Anne Arundel Tornado Leaves Thousands Without Power
Washington Post Staff Writers
Saturday, September 30, 2006; Page B01
Power companies, tree-removal services and maintenance crews worked round-the-clock yesterday to repair the damage caused by a violent storm that cut a swath through Bowie and a tornado that touched down in Severna Park.
Prince George's County officials estimate that the high winds Thursday evening left 9,000 homes without power, damaged about 50 houses in Bowie, uprooted 100 to 150 trees and sent thousands of electrical wires onto rooftops, sidewalks and roads. No injuries were reported.
"It sucked the water out of the hot tub," said Kirstyn Miner, who lives on Bowie's Korvale Lane. "The wind caused a power line to rip off, and it is now wrapped around a tree in our back yard."
In Anne Arundel County, at least 53 houses in Severna Park and nearby Cape St. Claire were heavily damaged, 15 of them left uninhabitable, and thousands lost power in what weather officials confirmed was a tornado. Bowie sustained "straight-line wind damage" but no twister, Chris Strong, a National Weather Service meteorologist, said yesterday.

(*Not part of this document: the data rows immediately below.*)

(* Let $0\leq \beta<1$ and $m \in \mathbb{N}$. Let $f(z)=z+\sum_{k=1}^{\infty} a_{mk+1}z^{mk+1}$ belong to $\Theta_{\Sigma_m}(1,1,0,0;\beta)$ (the case $\tau=\lambda=1$, $\gamma=\delta=0$). Then $$|a_{m+1}| \leq \min\left\{\frac{2(1-\beta)}{1+m},\ 2\sqrt{\frac{1-\beta}{(m+1)(1+2m)}}\right\}\quad\text{and}\quad |a_{2m+1}| \leq \frac{2(1-\beta)}{1+2m}.$$
   Context: Let $\mathbb{U}=\{z\in\mathbb{C}:|z|<1\}$ and $m\in\mathbb{N}$. $\mathcal{A}_m$ denotes the class of functions analytic in $\mathbb{U}$ of the form $f(z)=z+\sum_{k=1}^{\infty}a_{mk+1}z^{mk+1}$. $\Sigma_m$ denotes the class of $m$-fold symmetric bi-univalent functions: functions $f\in\mathcal{A}_m$ univalent in $\mathbb{U}$ whose inverse $f^{-1}$ extends to a univalent function $g$ on $\mathbb{U}$; this $g$ has the expansion $g(w)=w-a_{m+1}w^{m+1}+\left[(m+1)a_{m+1}^2-a_{2m+1}\right]w^{2m+1}-\cdots$. For $\delta\in\mathbb{N}_0$ and $h(z)=z+\sum_{k\ge1}c_{mk+1}z^{mk+1}$ analytic in $\mathbb{U}$, the $m$-fold Ruscheweyh derivative is $\mathcal{R}^\delta h(z)=z+\sum_{k=1}^{\infty}\frac{\Gamma(\delta+k+1)}{\Gamma(k+1)\Gamma(\delta+1)}c_{mk+1}z^{mk+1}$ (for $\delta=0$ it is the identity). For such $h$ and parameters $\lambda,\gamma,\tau\neq0,\delta$, put $$J_h(z)=1+\frac{1}{\tau}\Big[(1-\lambda)(1-\gamma)\frac{\mathcal{R}^\delta h(z)}{z}+(\lambda(\gamma+1)+\gamma)(\mathcal{R}^\delta h)'(z)+\lambda\gamma\big(z(\mathcal{R}^\delta h)''(z)-2\big)-1\Big].$$ For $0\le\beta<1$, $\Theta_{\Sigma_m}(\tau,\lambda,\gamma,\delta;\beta)$ is the set of $f\in\Sigma_m$ such that $\operatorname{Re}J_f(z)>\beta$ for all $z\in\mathbb{U}$ and $\operatorname{Re}J_g(w)>\beta$ for all $w\in\mathbb{U}$, where $g$ is the extension of $f^{-1}$ to $\mathbb{U}$. *)

theory Defs
  imports "HOL-Complex_Analysis.Complex_Analysis"
begin

definition tcoeff :: "(complex \<Rightarrow> complex) \<Rightarrow> nat \<Rightarrow> complex" where
  "tcoeff h n = (deriv ^^ n) h 0 / of_nat (fact n)"

definition mfold_A :: "nat \<Rightarrow> (complex \<Rightarrow> complex) \<Rightarrow> bool" where
  "mfold_A m f \<longleftrightarrow> f holomorphic_on ball 0 1 \<and> tcoeff f 1 = 1 \<and>
     (\<forall>n. (\<forall>k. n \<noteq> m * k + 1) \<longrightarrow> tcoeff f n = 0)"

text \<open>g is a univalent extension to the unit disc of the inverse f^{-1}
  (g agrees with f^{-1} on a neighbourhood of 0).\<close>
definition inv_extension :: "(complex \<Rightarrow> complex) \<Rightarrow> (complex \<Rightarrow> complex) \<Rightarrow> bool" where
  "inv_extension f g \<longleftrightarrow> g holomorphic_on ball 0 1 \<and> inj_on g (ball 0 1) \<and>
     (\<exists>r>0. \<forall>w\<in>ball 0 r. g w \<in> ball 0 1 \<and> f (g w) = w)"

definition Sigma_m :: "nat \<Rightarrow> (complex \<Rightarrow> complex) set" where
  "Sigma_m m = {f. mfold_A m f \<and> inj_on f (ball 0 1) \<and> (\<exists>g. inv_extension f g)}"

definition rusch :: "nat \<Rightarrow> nat \<Rightarrow> (complex \<Rightarrow> complex) \<Rightarrow> complex \<Rightarrow> complex" where
  "rusch m \<delta> h z = (if \<delta> = 0 then h z else
     z + (\<Sum>k. if k = 0 then 0 else
            of_nat ((\<delta> + k) choose k) * tcoeff h (m * k + 1) * z ^ (m * k + 1)))"

text \<open>The functional J_h (the quotient R h(z)/z is taken with its removable value 1 at z = 0).\<close>
definition J_fun :: "nat \<Rightarrow> complex \<Rightarrow> complex \<Rightarrow> complex \<Rightarrow> nat \<Rightarrow> (complex \<Rightarrow> complex)
    \<Rightarrow> complex \<Rightarrow> complex" where
  "J_fun m \<tau> lam \<gamma> \<delta> h z = 1 + (1 / \<tau>) *
     ((1 - lam) * (1 - \<gamma>) * (if z = 0 then 1 else rusch m \<delta> h z / z)
      + (lam * (\<gamma> + 1) + \<gamma>) * deriv (rusch m \<delta> h) z
      + lam * \<gamma> * (z * deriv (deriv (rusch m \<delta> h)) z - 2) - 1)"

definition Theta :: "nat \<Rightarrow> complex \<Rightarrow> complex \<Rightarrow> complex \<Rightarrow> nat \<Rightarrow> real
    \<Rightarrow> (complex \<Rightarrow> complex) set" where
  "Theta m \<tau> lam \<gamma> \<delta> \<beta> = {f. f \<in> Sigma_m m \<and>
     (\<forall>z\<in>ball 0 1. Re (J_fun m \<tau> lam \<gamma> \<delta> f z) > \<beta>) \<and>
     (\<forall>g. inv_extension f g \<longrightarrow> (\<forall>w\<in>ball 0 1. Re (J_fun m \<tau> lam \<gamma> \<delta> g w) > \<beta>))}"

end

theory Submission
  imports Defs
begin

(* For tau = lambda = 1 and gamma = delta = 0 the functional J_h is just h', so f' and
   g' = (f^-1)' both have real part > beta on the disc. Caratheodory's lemma bounds every
   Taylor coefficient of such a function by 2(1 - beta): averaging over the rotations by
   n-th roots of unity kills the coefficients of index 1, ..., n-1 without changing the
   n-th one, and Cauchy's inequality applied to the transform (p - 1)/(p + 1 - 2 beta),
   which maps the disc into the closed disc, then bounds the n-th coefficient.
   Comparing coefficients in f(g(w)) = w gives g_(2m+1) = (m+1) a_(m+1)^2 - a_(2m+1),
   so the triangle inequality yields (m+1) |a_(m+1)|^2 <= |g_(2m+1)| + |a_(2m+1)|, which
   gives the square-root bound; the other two bounds come from f' directly. *)

lemma one_plus_power_eq_mod_square:
  fixes Y :: "'a::comm_ring_1"
  shows "\<exists>Z. (1 + Y) ^ i = 1 + of_nat i * Y + Y\<^sup>2 * Z"
proof (induction i)
  case 0
  show ?case by (intro exI[of _ 0]) simp
next
  case (Suc i)
  then obtain Z where "(1 + Y) ^ i = 1 + of_nat i * Y + Y\<^sup>2 * Z" by blast
  then show ?case
    by (intro exI[of _ "Z + of_nat i + Y * Z"]) (simp add: algebra_simps power2_eq_square)
qed

lemma fps_power_nth_gap:
  fixes G :: "'a::comm_ring_1 fps"
  assumes "m \<ge> 1" and G0: "G $ 0 = 0" and G1: "G $ 1 = 1"
    and gap: "\<And>k. 2 \<le> k \<Longrightarrow> k \<le> m \<Longrightarrow> G $ k = 0" and "j \<le> m"
  shows "(G ^ i) $ (i + j) = (if j = 0 then 1 else if j = m then of_nat i * G $ (m + 1) else 0)"
proof -
  define Y where "Y = fps_X ^ m * fps_shift (m + 1) G"
  have G_eq: "G = fps_X * (1 + Y)"
  proof (rule fps_ext)
    fix k
    show "G $ k = (fps_X * (1 + Y)) $ k"
      using G0 G1 gap[of k] \<open>m \<ge> 1\<close>
      by (cases k) (auto simp: Y_def fps_X_power_mult_nth not_less)
  qed
  obtain W where W: "(1 + Y) ^ i = 1 + of_nat i * Y + Y\<^sup>2 * W"
    using one_plus_power_eq_mod_square by blast
  have Y2: "Y\<^sup>2 * W = fps_X ^ (2 * m) * ((fps_shift (m + 1) G)\<^sup>2 * W)"
    by (simp add: Y_def power_mult_distrib power_mult[symmetric] mult_ac)
  have "(G ^ i) $ (i + j) = ((1 + Y) ^ i) $ j"
    by (simp add: G_eq power_mult_distrib fps_X_power_mult_nth)
  also have "\<dots> = (if j = 0 then 1 else if j = m then of_nat i * G $ (m + 1) else 0)"
    using \<open>j \<le> m\<close> \<open>m \<ge> 1\<close> unfolding W Y2
    by (auto simp: Y_def fps_X_power_mult_nth fps_of_nat[symmetric] simp del: fps_of_nat)
  finally show ?thesis .
qed

lemma fps_compose_eq_X_nth:
  fixes F G :: "'a::comm_ring_1 fps"
  assumes m: "m \<ge> 1" and F0: "F $ 0 = 0" and F1: "F $ 1 = 1"
    and F_gap: "\<And>k. 2 \<le> k \<Longrightarrow> k \<le> 2 * m \<Longrightarrow> k \<noteq> m + 1 \<Longrightarrow> F $ k = 0"
    and G0: "G $ 0 = 0" and comp: "F oo G = fps_X"
  shows "G $ 1 = 1" and "G $ (m + 1) = - F $ (m + 1)"
    and "G $ (2 * m + 1) = of_nat (m + 1) * (F $ (m + 1))\<^sup>2 - F $ (2 * m + 1)"
proof -
  have below: "(G ^ i) $ n = 0" if "n < i" for i n
    using startsby_zero_power_prefix[OF G0] that by blast
  have F_zero: "F $ i = 0" if "i \<le> 2 * m + 1" "i \<notin> {1, m + 1, 2 * m + 1}" for i
    using that F0 F_gap[of i] by (cases "i = 0") auto
  have X_nth: "fps_X $ n =
      G $ n + F $ (m + 1) * (G ^ (m + 1)) $ n + F $ (2 * m + 1) * (G ^ (2 * m + 1)) $ n"
    if "n \<le> 2 * m + 1" for n
  proof -
    have "fps_X $ n = (\<Sum>i=0..n. F $ i * (G ^ i) $ n)"
      by (simp add: comp[symmetric] fps_compose_nth)
    also have "\<dots> = (\<Sum>i=0..2 * m + 1. F $ i * (G ^ i) $ n)"
      using that by (intro sum.mono_neutral_left) (auto simp: below)
    also have "\<dots> = (\<Sum>i\<in>{1, m + 1, 2 * m + 1}. F $ i * (G ^ i) $ n)"
      using F_zero by (intro sum.mono_neutral_right) auto
    also have "\<dots> = G $ n + F $ (m + 1) * (G ^ (m + 1)) $ n + F $ (2 * m + 1) * (G ^ (2 * m + 1)) $ n"
      using m F1 by (simp add: algebra_simps)
    finally show ?thesis .
  qed
  show G1: "G $ 1 = 1"
    using X_nth[of 1] below[of 1 "m + 1"] below[of 1 "2 * m + 1"] m by simp
  have G_gap: "G $ k = 0" if "2 \<le> k" "k \<le> m" for k
    using X_nth[of k] below[of k "m + 1"] below[of k "2 * m + 1"] that by simp
  note power_nth = fps_power_nth_gap[OF m G0 G1 G_gap]
  show Gm: "G $ (m + 1) = - F $ (m + 1)"
    using X_nth[of "m + 1"] power_nth[of 0 "m + 1"] below[of "m + 1" "2 * m + 1"] m
    by (simp add: eq_neg_iff_add_eq_0)
  have "(G ^ (m + 1)) $ (2 * m + 1) = of_nat (m + 1) * G $ (m + 1)"
    using power_nth[of m "m + 1"] m by (simp add: add.commute add.left_commute mult_2)
  moreover have "(G ^ (2 * m + 1)) $ (2 * m + 1) = 1"
    using power_nth[of 0 "2 * m + 1"] by simp
  ultimately have "0 = G $ (2 * m + 1) + F $ (m + 1) * (of_nat (m + 1) * G $ (m + 1)) + F $ (2 * m + 1)"
    using X_nth[of "2 * m + 1"] m by simp
  then show "G $ (2 * m + 1) = of_nat (m + 1) * (F $ (m + 1))\<^sup>2 - F $ (2 * m + 1)"
    unfolding Gm by (simp add: algebra_simps power2_eq_square eq_neg_iff_add_eq_0)
qed

lemma sum_powers_root_of_unity:
  assumes n: "n \<ge> 1"
  defines "\<omega> \<equiv> exp (2 * of_real pi * \<i> / of_nat n)"
  shows "(\<Sum>j<n. (\<omega> ^ k) ^ j) = (if n dvd k then of_nat n else 0)"
proof -
  have \<omega>k: "\<omega> ^ k = exp (2 * of_real pi * \<i> * of_nat k / of_nat n)"
    by (simp add: \<omega>_def exp_of_nat_mult[symmetric] mult_ac)
  show ?thesis
  proof (cases "n dvd k")
    case True
    then have "\<omega> ^ k = 1"
      unfolding \<omega>k using complex_root_unity_eq_1[OF n] by blast
    then show ?thesis using True by simp
  next
    case False
    then have "\<omega> ^ k \<noteq> 1"
      unfolding \<omega>k using complex_root_unity_eq_1[OF n] by blast
    moreover have "(\<omega> ^ k) ^ n = 1"
      unfolding \<omega>k using n by (intro complex_root_unity) auto
    ultimately show ?thesis using False by (simp add: sum_gp_strict)
  qed
qed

As of late last night, fewer than 300 customers in Anne Arundel still lacked electricity. In Prince George's County, the number was about 700.
Meteorologists said the tornado was an F1, on a scale that runs from F0 to F5.
It formed about 6:30 p.m. Thursday behind a shopping mall at Gov. Ritchie Highway (Route 2) and McKinsey Road. It traveled north at 25 mph with a wind speed of 90 mph -- not enough to lift a roof from a well-built house but plenty strong enough to bend and break trees. It traveled about two miles north, crossing Cattail Creek and the Magothy River, and entered Pasadena before it lifted. Its maximum width was about 250 yards.
"My son looked out the back yard and saw the gray coming across there," said Tina Carlsen, pointing toward the back fence of her property on North Drive in the Lower Magothy Beach community. "And then we heard that whistling sound you hear in the movies, and I yelled, 'Let's get in the basement!' And we ran down there, and you could hear the noise above."
Scott Seivert said he stood at his back door and watched the funnel cloud roll into his yard, slicing through trees like a chain saw. He yelled for his parents to flee the family room, and everyone went to the basement. Moments later, a tree smashed into the room where they had been. None of the Seiverts was hurt.
One Severna Park man, who fell from his roof after the storm, was treated for minor injuries.
On North Drive yesterday morning, the wind had left a backyard trampoline twisted around a tree near the curb. A crisscrossing mass of collapsed trees lay on yards. A fleet of utility trucks idled nearby along Lower Magothy Beach Road, awaiting orders.
Near Cattail Creek, five large hardwood trees of one to two feet in diameter were uprooted, the Weather Service said.